╔══
(* Let $\mathds J=[0,\infty)$, $n\ge2$, $1\le k\le n-1$, and consider \[ \begin{bmatrix}\dot x_1(t)\\ \dot x_2(t)\end{bmatrix}=\begin{bmatrix}B_{11}(t) & B_{12}(t)\\ 0 & B_{22}(t)\end{bmatrix}\begin{bmatrix}x_1(t)\\ x_2(t)\end{bmatrix}, \] where $B_{11}(t)$, $B_{12}(t)$, $B_{22}(t)$ are continuous, uniformly bounded matrix functions on $\mathds J$ of dimensions $(n-k)\times(n-k)$, $(n-k)\times k$, $k\times k$. Assume that $\dot x_1(t)=B_{11}(t)x_1(t)$ has an exponential dichotomy on $\mathds J$ with projection $P_1=0$, and $\dot x_2(t)=B_{22}(t)x_2(t)$ has an exponential dichotomy on $\mathds J$ with projection $P_2=I_k$. Then the full system $\dot x(t)=B(t)x(t)$ has an exponential dichotomy on $\mathds J$ with projection $P=\begin{bmatrix}0&0\\0&I_k\end{bmatrix}$. Moreover, it is reducible to block diagonal form with dimension $k$ in such a way that the resulting block diagonal coefficient matrix $D(t)=\mathrm{diag}(D_1(t),D_2(t))$ ($D_2(t)$ of size $k\times k$) satisfies $D_1(t)=B_{11}(t)$.
   Context: Exponential dichotomy of $\dot x=A(t)x$ on $\mathds J$ with projection $P$ ($P^2=P$): there exist $K\ge1$, $\alpha>0$ and a nonsingular fundamental matrix solution $X(t)$ of $\dot X=AX$ with $\|X(t)PX^{-1}(t_0)\|\le Ke^{-\alpha(t-t_0)}$ for $t\ge t_0\ge0$ and $\|X(t)(I-P)X^{-1}(t_0)\|\le Ke^{\alpha(t-t_0)}$ for $0\le t\le t_0$. A Lyapunov transformation is a smooth invertible change of coordinates $x(t)=S(t)z(t)$ with $S(t)$, $S^{-1}(t)$ and $\dot S(t)$ uniformly bounded on $\mathds J$; it transforms $\dot x=A(t)x$ into $\dot z=[S^{-1}(t)A(t)S(t)-S^{-1}(t)\dot S(t)]z$. The system $\dot x=A(t)x$ is reducible to block diagonal form with dimension $k$ if there is a Lyapunov transformation $x=S(t)z$ transforming it into $\dot z=D(t)z$ with $D(t)=\begin{bmatrix}D_1(t)&0\\0&D_2(t)\end{bmatrix}$, $D_2(t)$ a $k\times k$ matrix. *)

theory Defs
  imports "HOL-Analysis.Analysis"
begin

text \<open>Time interval J = [0,infinity) is {0..}. Square matrices of dimension m are
  real^'n^'n with CARD('n) = m.\<close>

definition exp_dichotomy :: "(real \<Rightarrow> real^'n^'n) \<Rightarrow> real^'n^'n \<Rightarrow> bool" where
  "exp_dichotomy A P \<longleftrightarrow> P ** P = P \<and>
     (\<exists>K \<alpha> X. K \<ge> 1 \<and> \<alpha> > 0 \<and>
        (\<forall>t\<ge>0. (X has_vector_derivative (A t ** X t)) (at t within {0..}) \<and> invertible (X t)) \<and>
        (\<forall>t t0. 0 \<le> t0 \<and> t0 \<le> t \<longrightarrow>
            norm (X t ** P ** matrix_inv (X t0)) \<le> K * exp (- \<alpha> * (t - t0))) \<and>
        (\<forall>t t0. 0 \<le> t \<and> t \<le> t0 \<longrightarrow>
            norm (X t ** (mat 1 - P) ** matrix_inv (X t0)) \<le> K * exp (\<alpha> * (t - t0))))"

definition lyapunov_transformation :: "(real \<Rightarrow> real^'n^'n) \<Rightarrow> (real \<Rightarrow> real^'n^'n) \<Rightarrow> bool" where
  "lyapunov_transformation S S' \<longleftrightarrow>
     (\<forall>t\<ge>0. (S has_vector_derivative S' t) (at t within {0..}) \<and> invertible (S t)) \<and>
     continuous_on {0..} S' \<and>
     bounded (S ` {0..}) \<and> bounded ((\<lambda>t. matrix_inv (S t)) ` {0..}) \<and> bounded (S' ` {0..})"

definition transformed_coeff ::
  "(real \<Rightarrow> real^'n^'n) \<Rightarrow> (real \<Rightarrow> real^'n^'n) \<Rightarrow> (real \<Rightarrow> real^'n^'n) \<Rightarrow> real \<Rightarrow> real^'n^'n" where
  "transformed_coeff A S S' t = matrix_inv (S t) ** A t ** S t - matrix_inv (S t) ** S' t"

definition block_mat :: "real^'a^'a \<Rightarrow> real^'b^'a \<Rightarrow> real^'b^'b \<Rightarrow> real^('a + 'b)^('a + 'b)" where
  "block_mat M11 M12 M22 = (\<chi> i j. case i of
       Inl p \<Rightarrow> (case j of Inl q \<Rightarrow> M11 $ p $ q | Inr q \<Rightarrow> M12 $ p $ q)
     | Inr p \<Rightarrow> (case j of Inl q \<Rightarrow> 0 | Inr q \<Rightarrow> M22 $ p $ q))"

end

theory Submission
  imports Defs
begin

text \<open>
  With S(t) = [I H(t); 0 I], the substitution x = S z turns the triangular system into the block
  diagonal system diag(B11, B22) exactly when H solves the Sylvester differential equation
  H' = B11 H - H B22 + B12. Since the first block is purely unstable (P1 = 0) and the second
  purely stable (P2 = I), this equation has the bounded solution
  H(t) = - X1(t) (integral from t to infinity of X1(s)^-1 B12(s) X2(s) ds) X2(t)^-1,
  whose integrand, conjugated by X1(t) and X2(t)^-1, decays like exp(-(alpha1 + alpha2)(s - t)).
  So S is a Lyapunov transformation. The block diagonal system has an exponential dichotomy
  with projection diag(0, I), with fundamental matrix diag(X1, X2), and S diag(X1, X2) is a
  fundamental matrix of the original system whose dichotomy estimates only change by the
  factor sup |S| sup |S^-1|.
\<close>

section \<open>Products and inverses of matrices\<close>

lemma power2_norm_matrix:
  fixes M :: "real^'n^'m"
  shows "(norm M)\<^sup>2 = (\<Sum>i\<in>UNIV. \<Sum>j\<in>UNIV. (M $ i $ j)\<^sup>2)"
  unfolding power2_norm_eq_inner by (simp add: inner_vec_def power2_eq_square)

lemma norm_matrix_mult_le:
  fixes A :: "real^'n^'m" and B :: "real^'k^'n"
  shows "norm (A ** B) \<le> norm A * norm B"
proof -
  have rows: "(norm M)\<^sup>2 = (\<Sum>i\<in>UNIV. (norm (M $ i))\<^sup>2)" for M :: "real^'q^'p"
    by (simp add: power2_norm_eq_inner inner_vec_def)
  have columns: "(norm M)\<^sup>2 = (\<Sum>j\<in>UNIV. (norm (column j M))\<^sup>2)" for M :: "real^'q^'p"
    unfolding power2_norm_matrix power2_norm_eq_inner
    by (subst sum.swap) (simp add: inner_vec_def power2_eq_square column_def)
  have entry: "(A ** B) $ i $ j = A $ i \<bullet> column j B" for i j
    by (simp add: matrix_matrix_mult_def inner_vec_def column_def)
  have "(norm (A ** B))\<^sup>2 = (\<Sum>i\<in>UNIV. \<Sum>j\<in>UNIV. (A $ i \<bullet> column j B)\<^sup>2)"
    unfolding power2_norm_matrix entry ..
  also have "\<dots> \<le> (\<Sum>i\<in>UNIV. \<Sum>j\<in>UNIV. (norm (A $ i))\<^sup>2 * (norm (column j B))\<^sup>2)"
    by (intro sum_mono) (metis Cauchy_Schwarz_ineq power2_norm_eq_inner)
  also have "\<dots> = (norm A * norm B)\<^sup>2"
    by (simp add: rows[of A] columns[of B] sum_product power_mult_distrib)
  finally show ?thesis
    by (rule power2_le_imp_le) simp
qed

lemma norm_matrix_mult3_le:
  fixes A :: "real^'n^'m" and B :: "real^'k^'n" and C :: "real^'l^'k"
  shows "norm (A ** B ** C) \<le> norm A * norm B * norm C"
  by (meson norm_matrix_mult_le mult_right_mono norm_ge_zero order_trans)

lemma bounded_bilinear_matrix_mult:
  "bounded_bilinear ((**) :: real^'n^'m \<Rightarrow> real^'k^'n \<Rightarrow> real^'k^'m)"
proof
  fix A A' :: "real^'n^'m" and B B' :: "real^'k^'n" and r :: real
  show "(A + A') ** B = A ** B + A' ** B"
    by (vector matrix_matrix_mult_def sum.distrib[symmetric] field_simps)
  show "A ** (B + B') = A ** B + A ** B'"
    by (rule matrix_add_ldistrib)
  show "(r *\<^sub>R A) ** B = r *\<^sub>R (A ** B)"
    by (simp add: scalar_matrix_assoc)
  show "A ** (r *\<^sub>R B) = r *\<^sub>R (A ** B)"
    by (simp add: matrix_scalar_ac scalar_matrix_assoc)
  show "\<exists>K. \<forall>A B. norm (A ** B :: real^'k^'m) \<le> norm (A :: real^'n^'m) * norm (B :: real^'k^'n) * K"
    by (rule exI[of _ 1]) (simp add: norm_matrix_mult_le)
qed

lemmas matrix_mult_add_left = bounded_bilinear.add_left[OF bounded_bilinear_matrix_mult]
lemmas matrix_mult_add_right = bounded_bilinear.add_right[OF bounded_bilinear_matrix_mult]
lemmas matrix_mult_diff_left = bounded_bilinear.diff_left[OF bounded_bilinear_matrix_mult]
lemmas matrix_mult_diff_right = bounded_bilinear.diff_right[OF bounded_bilinear_matrix_mult]
lemmas matrix_mult_minus_left = bounded_bilinear.minus_left[OF bounded_bilinear_matrix_mult]
lemmas matrix_mult_minus_right = bounded_bilinear.minus_right[OF bounded_bilinear_matrix_mult]
lemmas matrix_mult_distribs = matrix_mult_add_left matrix_mult_add_right
  matrix_mult_diff_left matrix_mult_diff_right matrix_mult_minus_left matrix_mult_minus_right
lemmas tendsto_matrix_mult = bounded_bilinear.tendsto[OF bounded_bilinear_matrix_mult]
lemmas continuous_on_matrix_mult = bounded_bilinear.continuous_on[OF bounded_bilinear_matrix_mult]
lemmas has_vector_derivative_matrix_mult =
  bounded_bilinear.has_vector_derivative[OF bounded_bilinear_matrix_mult]

lemma bounded_matrix_mult_comp:
  fixes f :: "'x \<Rightarrow> real^'n^'m" and g :: "'x \<Rightarrow> real^'k^'n"
  assumes "bounded (f ` S)" and "bounded (g ` S)"
  shows "bounded ((\<lambda>x. f x ** g x) ` S)"
proof -
  obtain a b where "\<And>x. x \<in> S \<Longrightarrow> norm (f x) \<le> a" "\<And>x. x \<in> S \<Longrightarrow> norm (g x) \<le> b"
    using assms unfolding bounded_iff by auto
  then have "norm (f x ** g x) \<le> a * b" if "x \<in> S" for x
    using that by (intro order_trans[OF norm_matrix_mult_le] mult_mono) (auto intro: order_trans[OF norm_ge_zero])
  then show ?thesis
    unfolding bounded_iff by blast
qed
╚══
What you should do — Could you give again, word for word, the line with "then show ?thesis" and all lines after it through the end of the data? Leave out everything else.

Solution for this problem —
  then show ?thesis
    unfolding bounded_iff by blast
qed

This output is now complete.